Конечно, у нее есть все для достижения успеха. Сообразительность, чтобы выжить в салонах, проворные ножки для неожиданного танца и – Ахилл был готов побиться об заклад – умение играть в карты, и чувствовать себя уверенно за игровым столом.

Ахилл увидел, что партнер Элеоноры подвел ее к дверям, когда танец закончился. Кавалер элегантно поклонился и, судя по жесту, предложил ей еще игристого. Элеонора отрицательно покачала головой, потом с обаятельной улыбкой легким касанием веера к его руке отослала.

Ахилл почти пошел к ней. Он знал, что произойдет дальше. Это было такой же существенной частью любовной игры, как практическое разучивание любых танцевальных движений. Она начнет искать в толпе другого подходящего партнера. Будет изучать его одежду: достаточно ли она дорога, чтобы свидетельствовать о богатстве? Достаточно ли элегантна, чтобы говорить о положении?

Элеонора стояла одна, вне смеющейся, флиртующей толпы, лениво играя цветами оранжерейного апельсинового дерева. Ахилл нахмурился. Вместо разглядывания мужчин Элеонора смотрела на свою руку и легкими прикосновениями расправляла лепестки белого бархатного цветка. Она поднесла пахнущий цветок к лицу, закрыла глаза и сделала глубокий вдох.

На ее губах заиграла мягкая улыбка. На мгновение ее собственные мысли преобразили тщательно удерживаемую светскую маску. Ахилл почувствовал, как напрягся его живот. Лицо Элеоноры, словно зеркало, отражало хранимые в памяти чувства, смех… удовольствие…

Потом маска вернулась. Элеонора бросила на двери порывистый виноватый взгляд. Ахилл знал, что дрожащий свет свечей скрывает его от ее взора. Кроме того, Элеонора уронила цветы апельсинового дерева и быстро отвернулась. Она нервно вертела веер, бросила еще один быстрый беспокойный взгляд на двери и начала вежливо, но целенаправленно пробираться сквозь толпу.

Возможно, было бы любопытно убедиться в ее исключительности, по крайней мере, до тех пор, пока не приедет курьер с его назначением.

Ахилл через дверь проследил взглядом за черноволосой графиней в толпе. Она была красивой. И интригующей. В нем мелькнул призрак надежды, что, может быть, однажды он постигнет глубину женской страсти.
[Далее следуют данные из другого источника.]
(* Consider the single-asset setting of the context. (i) For $t\in[0,T)$, $C(t)$ is strictly increasing in $\Lambda$ and strictly increasing in $\alpha\Sigma$. (ii) Let $t\in[0,T)$ and $x>0$ be fixed. Then $\xi^*(t,x)$ is strictly decreasing in $\Lambda$; consequently $\tilde X(t)$ is strictly increasing in $\Lambda$ for $t\in(0,T)$. (iii) Let $t\in[0,T)$ and $x>0$ be fixed. Then $\xi^*(t,x)$ is strictly increasing in $\alpha\Sigma$; consequently $\tilde X(t)$ is strictly decreasing in $\alpha\Sigma$ for $t\in(0,T)$. (In each statement the remaining parameters are held fixed.)
   Context: Single-asset setting: $T>0$, price impact $\Lambda>0$, variance $\Sigma\ge0$, risk aversion $\alpha\ge0$, dark pool intensity $\theta\ge0$. Let $\tilde\theta:=\sqrt{\theta^2+4\alpha\Sigma/\Lambda}$ and for $t\in[0,T)$ $$C(t)=\frac{\Lambda\tilde\theta}{2}\coth\Big(\frac{\tilde\theta}{2}(T-t)\Big)-\frac{\Lambda\theta}{2}\ \text{ if }\theta>0\text{ or }\alpha\Sigma>0,\qquad C(t)=\frac{\Lambda}{T-t}\ \text{ otherwise};$$ $C(t)x^2$ is the value function of the optimal liquidation problem (expected impact costs $\Lambda\int\xi^2$ plus risk costs $\alpha\Sigma\int X^2$). The optimal exchange trading rate is $\xi^*(t,x)=C(t)x/\Lambda$, and with initial position $x$ at time $0$, $\tilde X(t):=x\exp\big(-\int_0^tC(s)/\Lambda\,ds\big)$ is the optimal trajectory before any dark pool execution. *)

theory Defs
  imports "HOL-Analysis.Analysis"
begin

definition coth :: "real \<Rightarrow> real" where
  "coth y = cosh y / sinh y"

definition theta_tilde :: "real \<Rightarrow> real \<Rightarrow> real \<Rightarrow> real \<Rightarrow> real" where
  "theta_tilde \<Lambda> \<alpha> \<Sigma> \<theta> = sqrt (\<theta>^2 + 4 * \<alpha> * \<Sigma> / \<Lambda>)"

definition C :: "real \<Rightarrow> real \<Rightarrow> real \<Rightarrow> real \<Rightarrow> real \<Rightarrow> real \<Rightarrow> real" where
  "C \<Lambda> \<alpha> \<Sigma> \<theta> T t =
     (if \<theta> > 0 \<or> \<alpha> * \<Sigma> > 0
      then \<Lambda> * theta_tilde \<Lambda> \<alpha> \<Sigma> \<theta> / 2 * coth (theta_tilde \<Lambda> \<alpha> \<Sigma> \<theta> / 2 * (T - t)) - \<Lambda> * \<theta> / 2
      else \<Lambda> / (T - t))"

definition xi_star :: "real \<Rightarrow> real \<Rightarrow> real \<Rightarrow> real \<Rightarrow> real \<Rightarrow> real \<Rightarrow> real \<Rightarrow> real" where
  "xi_star \<Lambda> \<alpha> \<Sigma> \<theta> T t x = C \<Lambda> \<alpha> \<Sigma> \<theta> T t * x / \<Lambda>"

definition X_tilde :: "real \<Rightarrow> real \<Rightarrow> real \<Rightarrow> real \<Rightarrow> real \<Rightarrow> real \<Rightarrow> real \<Rightarrow> real" where
  "X_tilde \<Lambda> \<alpha> \<Sigma> \<theta> T x t = x * exp (- integral {0..t} (\<lambda>s. C \<Lambda> \<alpha> \<Sigma> \<theta> T s / \<Lambda>))"

end

theory Submission
  imports Defs
begin

text \<open>Put \<open>\<tau> = T - t\<close>. Then \<open>C / \<Lambda> = (\<phi> (theta_tilde) - \<theta>) / 2\<close> with
  \<open>\<phi> s = s coth (s \<tau> / 2)\<close>, which is strictly increasing because \<open>y coth y\<close> is. As theta_tilde
  decreases in \<open>\<Lambda>\<close> and increases in \<open>\<alpha>\<Sigma>\<close>, this orders the trading rates \<open>\<xi>* = x C / \<Lambda>\<close>, and
  integrating the rates gives the reverse order on \<open>X = x exp (- \<integral> C / \<Lambda>)\<close>. Monotonicity of \<open>C\<close>
  in \<open>\<alpha>\<Sigma>\<close> is then immediate. In \<open>\<Lambda>\<close> it comes from
  \<open>C = 2\<alpha>\<Sigma> / (theta_tilde + \<theta>) + \<Lambda> theta_tilde (coth (theta_tilde \<tau> / 2) - 1) / 2\<close>
  (a consequence of \<open>\<Lambda> (theta_tilde\<^sup>2 - \<theta>\<^sup>2) = 4\<alpha>\<Sigma>\<close>): theta_tilde decreases while
  \<open>\<Lambda> theta_tilde = sqrt (\<Lambda>\<^sup>2 \<theta>\<^sup>2 + 4\<alpha>\<Sigma>\<Lambda>)\<close> strictly increases.\<close>

lemma less_sinh_real:
  fixes y :: real
  assumes "0 < y"
  shows "y < sinh y"
proof -
  have "sinh 0 - 0 < sinh y - y"
  proof (rule DERIV_pos_imp_increasing_open[OF assms])
    fix x :: real assume "0 < x"
    then show "\<exists>d. ((\<lambda>x. sinh x - x) has_real_derivative d) (at x) \<and> d > 0"
      using cosh_real_nonneg_less_iff[of 0 x]
      by (intro exI[of _ "cosh x - 1"]) (auto intro!: derivative_eq_intros)
  qed (intro continuous_intros)
  then show ?thesis by simp
qed

lemma sinh_less_mult_cosh:
  fixes y :: real
  assumes "0 < y"
  shows "sinh y < y * cosh y"
proof -
  have "0 * cosh 0 - sinh 0 < y * cosh y - sinh y"
  proof (rule DERIV_pos_imp_increasing_open[OF assms])
    fix x :: real assume "0 < x"
    then show "\<exists>d. ((\<lambda>x. x * cosh x - sinh x) has_real_derivative d) (at x) \<and> d > 0"
      by (intro exI[of _ "x * sinh x"]) (auto intro!: derivative_eq_intros)
  qed (intro continuous_intros)
  then show ?thesis by simp
qed

lemma one_less_mult_coth:
  fixes y :: real
  assumes "0 < y"
  shows "1 < y * coth y"
  using sinh_less_mult_cosh[OF assms] assms by (simp add: coth_def field_simps)

lemma mult_coth_strict_mono:
  fixes y1 y2 :: real
  assumes "0 < y1" "y1 < y2"
  shows "y1 * coth y1 < y2 * coth y2"
proof -
  have "y1 * cosh y1 / sinh y1 < y2 * cosh y2 / sinh y2"
  proof (rule DERIV_pos_imp_increasing[OF assms(2)])
    fix x :: real assume "y1 \<le> x"
    with assms have "0 < x" by linarith
    have "x < sinh x * cosh x"
      using less_sinh_real[of "2 * x"] \<open>0 < x\<close> by (simp add: sinh_double)
    then have "0 < (sinh x * cosh x - x) / (sinh x)\<^sup>2"
      using \<open>0 < x\<close> by simp
    moreover have "((\<lambda>x. x * cosh x / sinh x) has_real_derivative
        (sinh x * cosh x - x) / (sinh x)\<^sup>2) (at x)"
    proof -
      have "cosh x * cosh x = 1 + sinh x * sinh x"
        using cosh_square_eq[of x] by (simp add: power2_eq_square)
      with \<open>0 < x\<close> show ?thesis
        by (auto intro!: derivative_eq_intros simp: divide_simps power2_eq_square algebra_simps)
    qed
    ultimately show "\<exists>d. ((\<lambda>x. x * cosh x / sinh x) has_real_derivative d) (at x) \<and> d > 0"
      by blast
  qed
  then show ?thesis by (simp add: coth_def)
qed

lemma one_less_coth:
  fixes y :: real
  assumes "0 < y"
  shows "1 < coth y"
  using assms sinh_less_cosh_real[of y] by (simp add: coth_def)

lemma coth_antimono:
  fixes y1 y2 :: real
  assumes "0 < y1" "y1 \<le> y2"
  shows "coth y2 \<le> coth y1"
proof -
  have "0 \<le> sinh (y2 - y1)"
    using assms by simp
  then have "cosh y2 * sinh y1 \<le> cosh y1 * sinh y2"
    by (simp add: sinh_diff mult.commute)
  moreover have "0 < sinh y1" "0 < sinh y2"
    using assms by auto
  ultimately show ?thesis
    by (simp add: coth_def field_simps)
qed

text \<open>The value at \<open>s = 0\<close> is the limit of \<open>s * coth (s / 2 * \<tau>)\<close>; it matches the second
  branch of \<open>C\<close>.\<close>
definition coth_rate :: "real \<Rightarrow> real \<Rightarrow> real" where
  "coth_rate \<tau> s = (if s = 0 then 2 / \<tau> else s * coth (s / 2 * \<tau>))"

lemma coth_rate_strict_mono:
  assumes "0 < \<tau>" "0 \<le> s1" "s1 < s2"
  shows "coth_rate \<tau> s1 < coth_rate \<tau> s2"
proof -
  have "2 / \<tau> * (s1 / 2 * \<tau> * coth (s1 / 2 * \<tau>)) < 2 / \<tau> * (s2 / 2 * \<tau> * coth (s2 / 2 * \<tau>))"
    if "s1 \<noteq> 0"
    using assms that by (intro mult_strict_left_mono mult_coth_strict_mono) auto
  moreover have "2 / \<tau> < 2 / \<tau> * (s2 / 2 * \<tau> * coth (s2 / 2 * \<tau>))"
    using assms one_less_mult_coth[of "s2 / 2 * \<tau>"] by (simp add: pos_divide_less_eq mult_ac)
  ultimately show ?thesis
    using assms by (auto simp: coth_rate_def)
qed

lemma theta_tilde_pos_iff:
  assumes "0 < \<Lambda>" "0 \<le> \<alpha>" "0 \<le> \<Sigma>" "0 \<le> \<theta>"
  shows "0 < theta_tilde \<Lambda> \<alpha> \<Sigma> \<theta> \<longleftrightarrow> 0 < \<theta> \<or> 0 < \<alpha> * \<Sigma>"
proof -
  have "0 \<le> 4 * \<alpha> * \<Sigma> / \<Lambda>" "0 < 4 * \<alpha> * \<Sigma> / \<Lambda> \<longleftrightarrow> 0 < \<alpha> * \<Sigma>"
    using assms by (auto simp: zero_less_divide_iff ac_simps)
  moreover have "0 < \<theta>\<^sup>2 \<longleftrightarrow> 0 < \<theta>"
    using assms by auto
  ultimately show ?thesis
    unfolding theta_tilde_def by (smt (verit) real_sqrt_gt_zero real_sqrt_zero zero_le_power2)
qed

lemma theta_tilde_antimono_Lambda:
  assumes "0 < \<Lambda>1" "\<Lambda>1 \<le> \<Lambda>2" "0 \<le> \<alpha> * \<Sigma>"
  shows "theta_tilde \<Lambda>2 \<alpha> \<Sigma> \<theta> \<le> theta_tilde \<Lambda>1 \<alpha> \<Sigma> \<theta>"
  using assms divide_left_mono[of \<Lambda>1 \<Lambda>2 "4 * (\<alpha> * \<Sigma>)"]
  by (simp add: theta_tilde_def mult.assoc)

lemma theta_tilde_strict_antimono_Lambda:
  assumes "0 < \<Lambda>1" "\<Lambda>1 < \<Lambda>2" "0 < \<alpha> * \<Sigma>"
  shows "theta_tilde \<Lambda>2 \<alpha> \<Sigma> \<theta> < theta_tilde \<Lambda>1 \<alpha> \<Sigma> \<theta>"
  using assms divide_strict_left_mono[of \<Lambda>1 \<Lambda>2 "4 * (\<alpha> * \<Sigma>)"]
  by (simp add: theta_tilde_def mult.assoc)

lemma theta_tilde_strict_mono_risk:
  assumes "0 < \<Lambda>" "\<alpha>1 * \<Sigma>1 < \<alpha>2 * \<Sigma>2"
  shows "theta_tilde \<Lambda> \<alpha>1 \<Sigma>1 \<theta> < theta_tilde \<Lambda> \<alpha>2 \<Sigma>2 \<theta>"
  using assms divide_strict_right_mono[of "4 * (\<alpha>1 * \<Sigma>1)" "4 * (\<alpha>2 * \<Sigma>2)" \<Lambda>]
  by (simp add: theta_tilde_def mult.assoc)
Но он тут же отбросил эту глупую мысль, как всего лишь след своих мальчишеских фантазий.

К дверям подошел слуга, тщательно заученной походкой вошел на балкон и поклонился Ахиллу.

– Прошу прощения, месье. Но месье Дюпейре просит вас пройти в игорную комнату.

Ахилл махнул рукой в знак того, что понял, и спросил:

– Увидеть, как он проигрался в пух и прах или много выиграл? – Затем выпрямился, зная, что ответа не получит. – Скажи ему, что ты точно выполнил поручение.

– Месье?.. – неуверенно начал слуга, затем откашлялся и снова поклонился. – Как вам угодно, месье.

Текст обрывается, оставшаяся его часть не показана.